As for being selfish, I do miss who I was before children. I miss the things I used to do, how I used to look, how I used to feel (not able to fall asleep at a stop sign), my relationship with my husband. But I waited until I was ready to give those things up (all except the last one, which is another story); until I was ready to be there for my children who would need me for everything. I love my children with a depth that I cannot articulate. Since they have come into my life the phenomenal joys I’ve experienced have multiplied exponentially. But so have some difficulties. Nothing major luckily, just garden-variety annoying day-to-day problems, many of which I must learn to respond to with a fiddle-dee-dee.

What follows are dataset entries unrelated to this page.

text \<open>Step (1) applied at a regular point, with \<open>w = W_t\<close> (note \<open>W_t \<ge> -1\<close> because
  \<open>V_t \<ge> 0\<close>); if \<open>|M_{t-1}| = 0\<close> both sides are trivial.\<close>

lemma regular_cubic_W_le:
  assumes reg: "regular \<omega>" and t: "t \<ge> 1" and h: "0 < h" "h < 1"
  shows "cubic_W h t \<omega> \<le> 1 - V_t M A M0 t \<omega> powr h"
proof (cases "Tfin (t - 1) \<omega> > 0")
  case True
  have V: "V_t M A M0 t \<omega> = 1 + W t \<omega>" by (rule regular_V_t_W(1)[OF reg t True])
  have "W t \<omega> \<ge> -1" using regular_V_t_nonneg[OF reg t] V by simp
  then show ?thesis
    unfolding V cubic_W_def k_const_def
    by (intro one_minus_powr_cubic_lower) (use h L_const_ge_3 in auto)
next
  case False
  then show ?thesis using regular_V_t_W(2)[OF reg t] h by (simp add: cubic_W_def)
qed

lemma integrable_one_minus_V_t_powr:
  assumes t: "t \<ge> 1" and h: "0 < h" "h < 1"
  shows "integrable M (\<lambda>\<omega>. 1 - V_t M A M0 t \<omega> powr h)"
proof (rule Bochner_Integration.integrable_bound)
  show "integrable M (\<lambda>\<omega>. 3 + \<bar>W t \<omega>\<bar>)" using cond_exp_W(1)[OF t] by simp
  show "(\<lambda>\<omega>. 1 - V_t M A M0 t \<omega> powr h) \<in> borel_measurable M" using V_t_measurable[OF t] by measurable
  show "AE \<omega> in M. norm (1 - V_t M A M0 t \<omega> powr h) \<le> norm (3 + \<bar>W t \<omega>\<bar>)"
    using AE_regular
  proof eventually_elim
    case (elim \<omega>)
    have "V_t M A M0 t \<omega> \<le> 1 + \<bar>W t \<omega>\<bar>"
      using regular_V_t_W[OF elim t] by (cases "Tfin (t - 1) \<omega> > 0") auto
    then show ?case
      using abs_one_minus_powr_le[OF regular_V_t_nonneg[OF elim t] h] by simp
  qed
qed

lemma cond_exp_cubic_W:
  assumes t: "t \<ge> 1"
  shows "integrable M (cubic_W h t)"
    and "AE \<omega> in M. real_cond_exp M (filt M A (t - 1)) (cubic_W h t) \<omega>
           = k_const h * (1 - 2 / L_const) * (sigma2 * (\<Sum>y\<in>Kset (t - 1). rho_fin (t - 1) \<omega> y ^ 2))
             - k_const h / L_const * (mu3 * (\<Sum>y\<in>Kset (t - 1). rho_fin (t - 1) \<omega> y ^ 3))"
proof -
  interpret S: finite_measure_subalgebra M "filt M A (t - 1)"
    by unfold_locales (rule subalgebra_filt)
  define \<alpha> where "\<alpha> = k_const h * (1 - 2 / L_const)"
  define \<beta> where "\<beta> = k_const h / L_const"
  have cubic: "cubic_W h t = (\<lambda>\<omega>. (- h * W t \<omega> + \<alpha> * W t \<omega> ^ 2) - \<beta> * W t \<omega> ^ 3)"
    unfolding cubic_W_def \<alpha>_def \<beta>_def by auto
  note i1 = cond_exp_W(1)[OF t] and i2 = cond_exp_W2(1)[OF t] and i3 = cond_exp_W3(1)[OF t]
  show "integrable M (cubic_W h t)" unfolding cubic using i1 i2 i3 by auto
  have ia: "integrable M (\<lambda>\<omega>. - h * W t \<omega>)" "integrable M (\<lambda>\<omega>. \<alpha> * W t \<omega> ^ 2)"
    "integrable M (\<lambda>\<omega>. \<beta> * W t \<omega> ^ 3)"
    using i1 i2 i3 by auto
  have "AE \<omega> in M. real_cond_exp M (filt M A (t - 1)) (cubic_W h t) \<omega>
      = - h * real_cond_exp M (filt M A (t - 1)) (W t) \<omega>
        + \<alpha> * real_cond_exp M (filt M A (t - 1)) (\<lambda>\<omega>. W t \<omega> ^ 2) \<omega>
        - \<beta> * real_cond_exp M (filt M A (t - 1)) (\<lambda>\<omega>. W t \<omega> ^ 3) \<omega>"
    using S.real_cond_exp_diff[OF Bochner_Integration.integrable_add[OF ia(1,2)] ia(3)]
      S.real_cond_exp_add[OF ia(1,2)] S.real_cond_exp_cmult[OF i1, of "- h"]
      S.real_cond_exp_cmult[OF i2, of \<alpha>] S.real_cond_exp_cmult[OF i3, of \<beta>]
    unfolding cubic by eventually_elim simp
  then show "AE \<omega> in M. real_cond_exp M (filt M A (t - 1)) (cubic_W h t) \<omega>
      = k_const h * (1 - 2 / L_const) * (sigma2 * (\<Sum>y\<in>Kset (t - 1). rho_fin (t - 1) \<omega> y ^ 2))
        - k_const h / L_const * (mu3 * (\<Sum>y\<in>Kset (t - 1). rho_fin (t - 1) \<omega> y ^ 3))"
    using cond_exp_W(2)[OF t] cond_exp_W2(2)[OF t] cond_exp_W3(2)[OF t]
    unfolding \<alpha>_def \<beta>_def by eventually_elim simp
qed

Now, I’ll admit the author, Tara R. Wood had some good points. There should be more celebrating of what our kids do. It’s a lot like the friend you have who only tells you how her boyfriend blew her off for a night with the guys, but never about how he took care of her when she was sick. We should talk more about the wonderful, blissful, pure moments that make us whole, those harmonious times that are the highest highs of parenting. I agree with Ms. Wood on this front. Why do we keep these moments largely to ourselves or share them with our close family? Why are the sites/blogs that do this private or low-readership, as opposed to the wildly popular bitter comedy style blogs?
Still, I think, and apparently Ms. Wood does too, that some venting and complaining can be therapeutic. I wholeheartedly disagree, however, that the commiserating we do goes hand in hand with putting down our kids. The anecdotes we share DO lead to discussions of child development, how to be a better parent and how to take time for ourselves. And yes, we might say that Little So-and-so is driving us crazy. Even crazy with a few expletives thrown in for effect. Who wouldn’t be effing crazy if one of the people you love most in the world let go of your hand in the parking lot and almost got hit by a car? True story. But I do believe it’s possible to say it with love - the love you have for your child warts and all. Not love as an afterthought or qualifier. Love as a main ingredient. A dizzying, heart-stopping, would-fight-a-tiger-for-that-child love. When someone says I’m ripping apart my children because I need to talk about me, my Mama Grizzly comes out. Mama Grizzly who does have her hands full, and needs someone to understand, to laugh with and maybe a shoulder to cry on, so she can continue to give her family the love they need and deserve, herself included.